Grief takes time and can be very painful, but there are things that can help us feel better. We call them “resources” and they are of various kinds. Everyone needs to find their own way, because the same thing does not suit everyone. We are different, our losses and circumstances are different.

If you have a child/children that you don’t have the energy to take good care of, don’t be ashamed of it. Remember that children have a statutory right to support from the health care center (Act no. 50/2019). Get help so your child can receive this important support. It will help you too.

Here is advice submitted by people who are grieving.

1. Seeking help

· Communicate with other people, relatives, friends, co-workers and others in your inner circle.

· Talk about the deceased with a friend or a professional.

· Accept help, say “yes, thank you” to those who offer help.

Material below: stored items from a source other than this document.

lemma has_bochner_integral_exp_neg_square_scaled_nonneg:
  fixes a :: real assumes "a > 0"
  shows "has_bochner_integral lborel (\<lambda>u. indicator {0..} u *\<^sub>R exp (- (a * u)\<^sup>2)) (sqrt pi / 2 / a)"
  using gaussian_moment_0 lborel_has_bochner_integral_real_affine_iff[where c=a and t=0
      and f="\<lambda>u. indicator {0..} u *\<^sub>R exp (- u\<^sup>2)" and x="sqrt pi / 2"] assms
  by (simp add: indicator_def zero_le_mult_iff field_simps)

lemma exp_neg_square_scaled_integral_UNIV:
  fixes a :: real assumes "a > 0"
  shows "(\<lambda>u. exp (- (a * u)\<^sup>2)) absolutely_integrable_on UNIV \<and>
    integral UNIV (\<lambda>u. exp (- (a * u)\<^sup>2)) = sqrt pi / a"
  using has_bochner_integral_exp_neg_square_scaled[OF assms]
    has_bochner_integral_lborel_indicator_iff[of UNIV "\<lambda>u. exp (- (a * u)\<^sup>2)"]
  by simp

lemma exp_neg_square_scaled_integral_pos:
  fixes a :: real assumes "a > 0"
  shows "(\<lambda>u. exp (- (a * u)\<^sup>2)) absolutely_integrable_on {0<..} \<and>
    integral {0<..} (\<lambda>u. exp (- (a * u)\<^sup>2)) = sqrt pi / 2 / a"
proof -
  have "(\<lambda>u. exp (- (a * u)\<^sup>2)) absolutely_integrable_on {0..} \<and>
      integral {0..} (\<lambda>u. exp (- (a * u)\<^sup>2)) = sqrt pi / 2 / a"
    using has_bochner_integral_exp_neg_square_scaled_nonneg[OF assms]
      has_bochner_integral_lborel_indicator_iff[of "{0..}" "\<lambda>u. exp (- (a * u)\<^sup>2)"]
    by simp
  moreover have N: "negligible {u \<in> {0..} - {0<..}. exp (- (a * u)\<^sup>2) \<noteq> (0::real)}"
    by (rule negligible_subset[of "{0}"]) auto
  moreover have N': "negligible {u \<in> {0<..} - {0..}. exp (- (a * u)\<^sup>2) \<noteq> (0::real)}"
    by (rule negligible_subset[of "{}"]) auto
  ultimately show ?thesis
    using absolutely_integrable_spike_set_eq[OF N N'] integral_spike_set[OF N N'] by simp
qed

lemma Cauchy_Schloemilch_substitution:
  fixes f :: "real \<Rightarrow> real" and c :: real
  assumes c: "c > 0" and cont: "continuous_on UNIV f" and even: "\<And>v. f (- v) = f v"
    and f: "f absolutely_integrable_on UNIV"
  shows "(\<lambda>u. f (u - c / u)) absolutely_integrable_on {0<..} \<and>
    integral {0<..} (\<lambda>u. f (u - c / u)) = integral UNIV f / 2"
proof -
  define S where "S = ({0<..} :: real set)"
  define \<phi> where "\<phi> = (\<lambda>u::real. u - c / u)"
  define h where "h = (\<lambda>u. f (\<phi> u))"
  have S: "S \<in> sets lebesgue" unfolding S_def by simp
  have d\<phi>: "(\<phi> has_field_derivative (1 + c / u\<^sup>2)) (at u within S)" if "u \<in> S" for u
    using that unfolding S_def \<phi>_def
    by (auto intro!: derivative_eq_intros simp: power2_eq_square field_simps)
  have mono: "\<phi> u < \<phi> v" if "u \<in> S" "v \<in> S" "u < v" for u v
  proof -
    have "c / v < c / u" using that c unfolding S_def by (intro divide_strict_left_mono) auto
    then show ?thesis using that unfolding \<phi>_def by simp
  qed
  then have inj: "inj_on \<phi> S"
    by (metis inj_onI less_irrefl linorder_neqE)
  have surj: "\<phi> ` S = UNIV"
  proof -
    have "y \<in> \<phi> ` S" for y
    proof
      \<comment> \<open>the positive root of \<open>u\<^sup>2 - y u - c = 0\<close>\<close>
      define u where "u = (y + sqrt (y\<^sup>2 + 4 * c)) / 2"
      have "\<bar>y\<bar> < sqrt (y\<^sup>2 + 4 * c)" using c by (intro real_less_rsqrt) simp
      then show "u \<in> S" unfolding u_def S_def by simp
      moreover have "u * u - c = y * u"
        using c unfolding u_def by (simp add: algebra_simps power2_eq_square)
      ultimately show "y = \<phi> u" unfolding \<phi>_def S_def by (simp add: field_simps)
    qed
    then show ?thesis by blast
  qed
  have phi_subst: "(\<lambda>u. \<bar>1 + c / u\<^sup>2\<bar> * h u) absolutely_integrable_on S \<and>
      integral S (\<lambda>u. \<bar>1 + c / u\<^sup>2\<bar> * h u) = integral UNIV f"
    using has_absolute_integral_change_of_variables_1'[OF S d\<phi> inj, of f "integral UNIV f"]
      surj f unfolding h_def by simp
  have h: "h absolutely_integrable_on S"
  proof (rule measurable_bounded_by_integrable_imp_absolutely_integrable[OF _ S])
    have "continuous_on S h"
      unfolding h_def \<phi>_def S_def
      by (intro continuous_on_compose2[OF cont] continuous_intros) auto
    then show "h \<in> borel_measurable (lebesgue_on S)"
      by (rule continuous_imp_measurable_on_sets_lebesgue[OF _ S])
    show "(\<lambda>u. norm (\<bar>1 + c / u\<^sup>2\<bar> * h u)) integrable_on S"
      using phi_subst absolutely_integrable_on_def[of S "\<lambda>u. \<bar>1 + c / u\<^sup>2\<bar> * h u"] by simp
    fix u
    have "1 \<le> \<bar>1 + c / u\<^sup>2\<bar>" using c by simp
    then show "norm (h u) \<le> norm (\<bar>1 + c / u\<^sup>2\<bar> * h u)"
      using mult_right_mono[of 1 "\<bar>1 + c / u\<^sup>2\<bar>" "\<bar>h u\<bar>"] by (simp add: abs_mult)
  qed
  \<comment> \<open>The inversion \<open>u \<mapsto> c / u\<close> preserves \<open>S\<close> and, \<open>f\<close> being even, also \<open>h\<close>.\<close>
  have d\<rho>: "((\<lambda>u. c / u) has_field_derivative (- c / u\<^sup>2)) (at u within S)" if "u \<in> S" for u
    using that unfolding S_def
    by (auto intro!: derivative_eq_intros simp: power2_eq_square field_simps)
  have inj\<rho>: "inj_on (\<lambda>u. c / u) S" using c unfolding S_def by (auto simp: inj_on_def field_simps)
  have "(\<lambda>u. c / u) ` S = S"
  proof -
    have "y \<in> (\<lambda>u. c / u) ` S" if "y \<in> S" for y
      using c that by (intro image_eqI[of y _ "c / y"]) (auto simp: S_def)
    then show ?thesis using c unfolding S_def by auto
  qed
  then have inv_subst: "(\<lambda>u. \<bar>- c / u\<^sup>2\<bar> * h (c / u)) absolutely_integrable_on S \<and>
      integral S (\<lambda>u. \<bar>- c / u\<^sup>2\<bar> * h (c / u)) = integral S h"
    using has_absolute_integral_change_of_variables_1'[OF S d\<rho> inj\<rho>, of h "integral S h"] h
    by simp
  have eq: "\<bar>- c / u\<^sup>2\<bar> * h (c / u) = c / u\<^sup>2 * h u" if "u \<in> S" for u
  proof -
    have "\<phi> (c / u) = - \<phi> u" using c that unfolding \<phi>_def S_def by simp
    then show ?thesis using c even unfolding h_def by simp
  qed
  have weighted_int: "(\<lambda>u. c / u\<^sup>2 * h u) absolutely_integrable_on S"
    by (rule absolutely_integrable_spike[OF inv_subst[THEN conjunct1] negligible_empty]) (metis Diff_empty eq)
  have weighted_eq: "integral S (\<lambda>u. c / u\<^sup>2 * h u) = integral S h"
    using inv_subst integral_cong[of S "\<lambda>u. \<bar>- c / u\<^sup>2\<bar> * h (c / u)" "\<lambda>u. c / u\<^sup>2 * h u"] eq
    by simp
  have "integral UNIV f = integral S (\<lambda>u. h u + c / u\<^sup>2 * h u)"
    unfolding phi_subst[THEN conjunct2, symmetric]
  proof (intro integral_cong)
    fix u :: real
    have "\<bar>1 + c / u\<^sup>2\<bar> = 1 + c / u\<^sup>2"
      by (intro abs_of_nonneg add_nonneg_nonneg) (use c in auto)
    then show "\<bar>1 + c / u\<^sup>2\<bar> * h u = h u + c / u\<^sup>2 * h u" by (simp add: algebra_simps)
  qed
  also have "\<dots> = integral S h + integral S (\<lambda>u. c / u\<^sup>2 * h u)"
    by (intro integral_add set_lebesgue_integral_eq_integral(1) h weighted_int)
  also have "\<dots> = 2 * integral S h"
    using weighted_eq by simp
  finally show ?thesis using h unfolding h_def \<phi>_def S_def by simp
qed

· Read/listen/watch content about grief, grief reactions, trauma, suicide (if applicable) or about the resources of others

who have lost someone.

· Peer conversation, i.e. meeting others who have experienced the same kind of loss, e.g. a widow meets a widow.

· Finding a role model, i.e. people who have experienced trauma and gotten through it.

· Reminiscing about warm memories of the person who has passed away and exchanging stories with those closest to you.

· Exercising faith in a higher power, afterlife, or anything else that strengthens you.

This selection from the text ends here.